Colin Wilson, head of regeneration of Old Kent Road said he was working on ‘plan-led planning’, positing where tall buildings might go, but perhaps it would be useful to have a wider ‘spatial vision’, he said, about how various local plans in the city might relate to each other. 

Other speakers at the event included Fletcher Priest’s Keith Priest, who said that studies had revealed that whatever you do, 55% of people don’t like it, and around 45% do, on average, which is why architecture is ‘not a politically popular subject’. Modelling can help on rebuilding trust with communities on what’s happening, and on factors like the quality of daylight, said Gordon Ingram, senior partner of GIA, whose firm has produced the VUCity model powered by game-engine technology. Tall buildings are one discussion amid creating the smart city, said Ingram, but such tech could also allow for new discussions over potential ‘trade-offs’.

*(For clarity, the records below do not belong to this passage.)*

definition line_through :: "'p set set \<Rightarrow> 'p set \<Rightarrow> 'p set" where
  "line_through L S = (THE l. l \<in> L \<and> S \<subseteq> l)"

text \<open>Embedding of a simple graph (V,E), edges being 2-element subsets of V.\<close>
definition graph_embeds :: "'v set \<Rightarrow> 'v set set \<Rightarrow> 'p set \<Rightarrow> 'p set set \<Rightarrow> bool" where
  "graph_embeds V E P L \<longleftrightarrow>
     (\<exists>\<phi>. \<phi> ` V \<subseteq> P \<and> inj_on \<phi> V \<and> inj_on (\<lambda>e. line_through L (\<phi> ` e)) E)"

definition Kab_vertices :: "nat \<Rightarrow> nat \<Rightarrow> (nat + nat) set" where
  "Kab_vertices a b = Inl ` {..<a} \<union> Inr ` {..<b}"

definition Kab_edges :: "nat \<Rightarrow> nat \<Rightarrow> (nat + nat) set set" where
  "Kab_edges a b = {{Inl i, Inr j} | i j. i < a \<and> j < b}"

end

theory Submission
  imports Defs
begin

(* An embedding of K_{a,b} amounts to injective placements f, g of the two classes, with disjoint
   images, such that the lines f i g j are pairwise distinct. For fixed j all these lines pass
   through g j, so a \<le> q + 1; if a = q + 1 they exhaust the q + 1 lines through g j, so the line
   g j g j' is some f i g j, and then f i g j = f i g j' contradicts distinctness. Conversely, for
   a, b \<le> q place the classes on two lines l, m minus their common point: the line through
   f i \<in> l and g j \<in> m meets l only in f i and m only in g j. For K_{1,q+1} take a point x and
   one further point on each of the q + 1 lines through x. *)

definition Kab_placement ::
    "'p set \<Rightarrow> 'p set set \<Rightarrow> nat \<Rightarrow> nat \<Rightarrow> (nat \<Rightarrow> 'p) \<Rightarrow> (nat \<Rightarrow> 'p) \<Rightarrow> bool" where
  "Kab_placement P L a b f g \<longleftrightarrow>
     f ` {..<a} \<subseteq> P \<and> g ` {..<b} \<subseteq> P \<and> inj_on f {..<a} \<and> inj_on g {..<b} \<and>
     (\<forall>i<a. \<forall>j<b. f i \<noteq> g j) \<and>
     inj_on (\<lambda>(i, j). line_through L {f i, g j}) ({..<a} \<times> {..<b})"

lemma Kab_placement_swap:
  "Kab_placement P L a b f g \<Longrightarrow> Kab_placement P L b a g f"
  unfolding Kab_placement_def inj_on_def by (auto simp: insert_commute) metis

lemma Kab_edges_iff: "{Inl i, Inr j} \<in> Kab_edges a b \<longleftrightarrow> i < a \<and> j < b"
  by (auto simp: Kab_edges_def doubleton_eq_iff)

lemma graph_embeds_Kab_iff:
  "graph_embeds (Kab_vertices a b) (Kab_edges a b) P L \<longleftrightarrow> (\<exists>f g. Kab_placement P L a b f g)"
proof
  assume "graph_embeds (Kab_vertices a b) (Kab_edges a b) P L"
  then obtain \<phi> where \<phi>: "\<phi> ` Kab_vertices a b \<subseteq> P" "inj_on \<phi> (Kab_vertices a b)"
      and lines: "inj_on (\<lambda>e. line_through L (\<phi> ` e)) (Kab_edges a b)"
    unfolding graph_embeds_def by blast
  have "inj_on (\<lambda>(i, j). line_through L {\<phi> (Inl i), \<phi> (Inr j)}) ({..<a} \<times> {..<b})"
  proof (rule inj_onI, clarsimp)
    fix i j i' j'
    assume "i < a" "j < b" "i' < a" "j' < b"
      and "line_through L {\<phi> (Inl i), \<phi> (Inr j)} = line_through L {\<phi> (Inl i'), \<phi> (Inr j')}"
    then have "{Inl i, Inr j} = {Inl i', Inr j'}"
      using inj_onD[OF lines] by (simp add: Kab_edges_iff)
    then show "i = i' \<and> j = j'" by (auto simp: doubleton_eq_iff)
  qed
  moreover have "\<phi> (Inl i) \<noteq> \<phi> (Inr j)" if "i < a" "j < b" for i j
    using inj_onD[OF \<phi>(2), of "Inl i" "Inr j"] that by (auto simp: Kab_vertices_def)
  moreover have "inj_on (\<phi> \<circ> Inl) {..<a}" "inj_on (\<phi> \<circ> Inr) {..<b}"
    using \<phi>(2) by (auto simp: Kab_vertices_def inj_on_def)
  ultimately have "Kab_placement P L a b (\<phi> \<circ> Inl) (\<phi> \<circ> Inr)"
    using \<phi>(1) unfolding Kab_placement_def Kab_vertices_def by auto
  then show "\<exists>f g. Kab_placement P L a b f g" by blast
next
  assume "\<exists>f g. Kab_placement P L a b f g"
  then obtain f g where fg: "Kab_placement P L a b f g" by blast
  have edge: "e \<in> Kab_edges a b \<Longrightarrow> \<exists>i<a. \<exists>j<b. e = {Inl i, Inr j}" for e
    by (auto simp: Kab_edges_def)
  show "graph_embeds (Kab_vertices a b) (Kab_edges a b) P L"
    unfolding graph_embeds_def
  proof (intro exI[of _ "case_sum f g"] conjI)
    show "case_sum f g ` Kab_vertices a b \<subseteq> P"
      using fg unfolding Kab_placement_def Kab_vertices_def by auto
    show "inj_on (case_sum f g) (Kab_vertices a b)"
    proof (rule inj_onI)
      fix u v assume "u \<in> Kab_vertices a b" "v \<in> Kab_vertices a b" "case_sum f g u = case_sum f g v"
      with fg show "u = v"
        unfolding Kab_placement_def Kab_vertices_def by (auto dest: inj_onD) metis
    qed
    show "inj_on (\<lambda>e. line_through L (case_sum f g ` e)) (Kab_edges a b)"
    proof (rule inj_onI)
      fix e e' assume e: "e \<in> Kab_edges a b" and e': "e' \<in> Kab_edges a b"
        and same_line: "line_through L (case_sum f g ` e) = line_through L (case_sum f g ` e')"
      obtain i j where ij: "i < a" "j < b" "e = {Inl i, Inr j}"
        using edge[OF e] by blast
      obtain i' j' where ij': "i' < a" "j' < b" "e' = {Inl i', Inr j'}"
        using edge[OF e'] by blast
      have lines: "inj_on (\<lambda>(i, j). line_through L {f i, g j}) ({..<a} \<times> {..<b})"
        using fg unfolding Kab_placement_def by blast
      have "(\<lambda>(i, j). line_through L {f i, g j}) (i, j) = (\<lambda>(i, j). line_through L {f i, g j}) (i', j')"
        using same_line ij ij' by simp
      then have "(i, j) = (i', j')"
        by (rule inj_onD[OF lines]) (use ij ij' in simp_all)
      then show "e = e'" using ij ij' by simp
    qed
  qed
qed
lemma torsion_free_imp_finite_subsets_aperiodic:
  assumes "torsion_free_group TYPE('a::ab_group_add)"
  shows "finite_subsets_aperiodic TYPE('a)"
  unfolding finite_subsets_aperiodic_def
proof (intro allI impI, elim conjE)
  fix X :: "'a set" and d
  assume fin: "finite X" and "X \<noteq> {}" and stable: "\<forall>x\<in>X. x + d \<in> X"
  then obtain x0 where x0: "x0 \<in> X" by blast
  define orbit where "orbit k = x0 + natmul k d" for k
  have "orbit k \<in> X" for k
  proof (induction k)
    case (Suc k)
    then show ?case using stable by (metis orbit_def natmul_Suc add.commute add.left_commute)
  qed (use x0 in \<open>simp add: orbit_def\<close>)
  then have "\<not> inj orbit"
    using fin by (meson finite_imageD finite_subset image_subsetI infinite_UNIV_nat)
  then obtain a b where "a < b" "orbit a = orbit b"
    using linorder_injI by blast
  moreover have "natmul b d = natmul a d + natmul (b - a) d"
    using \<open>a < b\<close> by (metis natmul_add le_add_diff_inverse less_imp_le)
  ultimately have "natmul (b - a) d = 0"
    by (simp add: orbit_def)
  then show "d = 0"
    using assms \<open>a < b\<close> unfolding torsion_free_group_def by (metis zero_less_diff)
qed

definition additive_group :: "'a::ab_group_add monoid" where
  "additive_group = \<lparr>carrier = UNIV, mult = (+), one = 0\<rparr>"

lemma group_additive_group: "group (additive_group :: 'a::ab_group_add monoid)"
proof (rule groupI)
  fix x :: 'a
  show "\<exists>y\<in>carrier additive_group. y \<otimes>\<^bsub>additive_group\<^esub> x = \<one>\<^bsub>additive_group\<^esub>"
    by (rule bexI[of _ "- x"]) (simp_all add: additive_group_def)
qed (simp_all add: additive_group_def add.assoc)

lemma subgroup_stabilizer:
  fixes X :: "'a::ab_group_add set"
  assumes "finite X"
  shows "subgroup {h. \<forall>x\<in>X. x + h \<in> X} additive_group"
proof -
  interpret group "additive_group :: 'a monoid"
    by (rule group_additive_group)
  have "\<forall>x\<in>X. x - h \<in> X" if "\<forall>x\<in>X. x + h \<in> X" for h
  proof -
    have "(\<lambda>x. x + h) ` X = X"
      using that assms by (intro endo_inj_surj) (auto simp: inj_on_def)
    show ?thesis
    proof
      fix x assume "x \<in> X"
      then obtain y where "y \<in> X" "x = y + h"
        using \<open>(\<lambda>x. x + h) ` X = X\<close> by (metis imageE)
      then show "x - h \<in> X" by simp
    qed
  qed
  moreover have "inv\<^bsub>additive_group\<^esub> h = - h" for h :: 'a
    by (rule inv_equality) (simp_all add: additive_group_def)
  ultimately show ?thesis
    by unfold_locales (auto simp: additive_group_def add.assoc[symmetric])
qed

lemma prime_order_imp_finite_subsets_aperiodic:
  assumes fin: "finite (UNIV :: 'a::ab_group_add set)" and prime: "prime (card (UNIV :: 'a set))"
  shows "finite_subsets_aperiodic TYPE('a)"
  unfolding finite_subsets_aperiodic_def
proof (intro allI impI, elim conjE)
  fix X :: "'a set" and d
  assume "finite X" "X \<noteq> {}" "X \<noteq> UNIV" and stable: "\<forall>x\<in>X. x + d \<in> X"
  define H where "H = {h. \<forall>x\<in>X. x + h \<in> X}"
  have "card H dvd card (UNIV :: 'a set)"
    using group.lagrange[OF group_additive_group subgroup_stabilizer[OF \<open>finite X\<close>]]
    by (metis H_def additive_group_def dvd_triv_right order_def partial_object.select_convs(1))
  then have "card H = 1 \<or> H = UNIV"
    using prime fin by (metis card_subset_eq prime_nat_iff subset_UNIV)
  moreover have "H \<noteq> UNIV"
  proof
    assume "H = UNIV"
    obtain x0 where "x0 \<in> X" using \<open>X \<noteq> {}\<close> by blast
    then have "x0 + (z - x0) \<in> X" for z
      using \<open>H = UNIV\<close> unfolding H_def by (metis (mono_tags) UNIV_I mem_Collect_eq)
    then show False using \<open>X \<noteq> UNIV\<close> by auto
  qed
  moreover have "{0, d} \<subseteq> H"
    using stable by (auto simp: H_def)
  ultimately show "d = 0"
    using fin by (metis card_1_singletonE insert_subset singletonD)
qed

lemma finite_subsets_aperiodic_if_torsion_free_or_cyclic_prime_order:
  assumes "torsion_free_group TYPE('a::ab_group_add) \<or> cyclic_prime_order_group TYPE('a)"
  shows "finite_subsets_aperiodic TYPE('a)"
  using assms
proof
  assume "cyclic_prime_order_group TYPE('a)"
  then show ?thesis
    unfolding cyclic_prime_order_group_def by (intro prime_order_imp_finite_subsets_aperiodic) simp_all
qed (rule torsion_free_imp_finite_subsets_aperiodic)

section \<open>The Cauchy--Davenport inequality\<close>

lemma card_davenport_transform:
  fixes X Y :: "'a::ab_group_add set"
  assumes "finite X" "finite Y"
  shows "card (X \<union> (\<lambda>y. y + e) ` Y) + card {y \<in> Y. y + e \<in> X} = card X + card Y"
proof -
  have "X \<inter> (\<lambda>y. y + e) ` Y = (\<lambda>y. y + e) ` {y \<in> Y. y + e \<in> X}"
    by auto
  then have "card (X \<inter> (\<lambda>y. y + e) ` Y) = card {y \<in> Y. y + e \<in> X}"
    by (simp add: card_image)
  moreover have "card ((\<lambda>y. y + e) ` Y) = card Y"
    by (simp add: card_image)
  ultimately show ?thesis
    using card_Un_Int[of X "(\<lambda>y. y + e) ` Y"] assms by simp
qed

The final session of the conference included a look at tall building design, Argent’s Mark Swinburne on its five sites in Tottenham Hale, LSE London’s Kath Scanlon on a high density living residents’ survey, and KPF’s John Bushell on integrating a mix of uses in tall buildings across the world. Henley Halebrown’s Simon Henley showed the 100% affordable, 21 storey ‘civic and domestic’ housing scheme, Edith Summerskill House in Fulham, AKTII’s Gerry O’Brien the One Park Drive tower in the tall building-heavy Wood Wharf (which it had to conduct ship impact studies for), and CTBUH chairman Steve Watts of Alinea spoke on the sustainability of tall buildings, energy, and how such schemes are actually used. Only four buildings over 20 storeys tall have been demolished in London, Watts said. The message for the future was clear. ‘Think carefully, and also have a strategic plan not just about the tall building but about the wider urban environment that they are all going to sit in’, he said.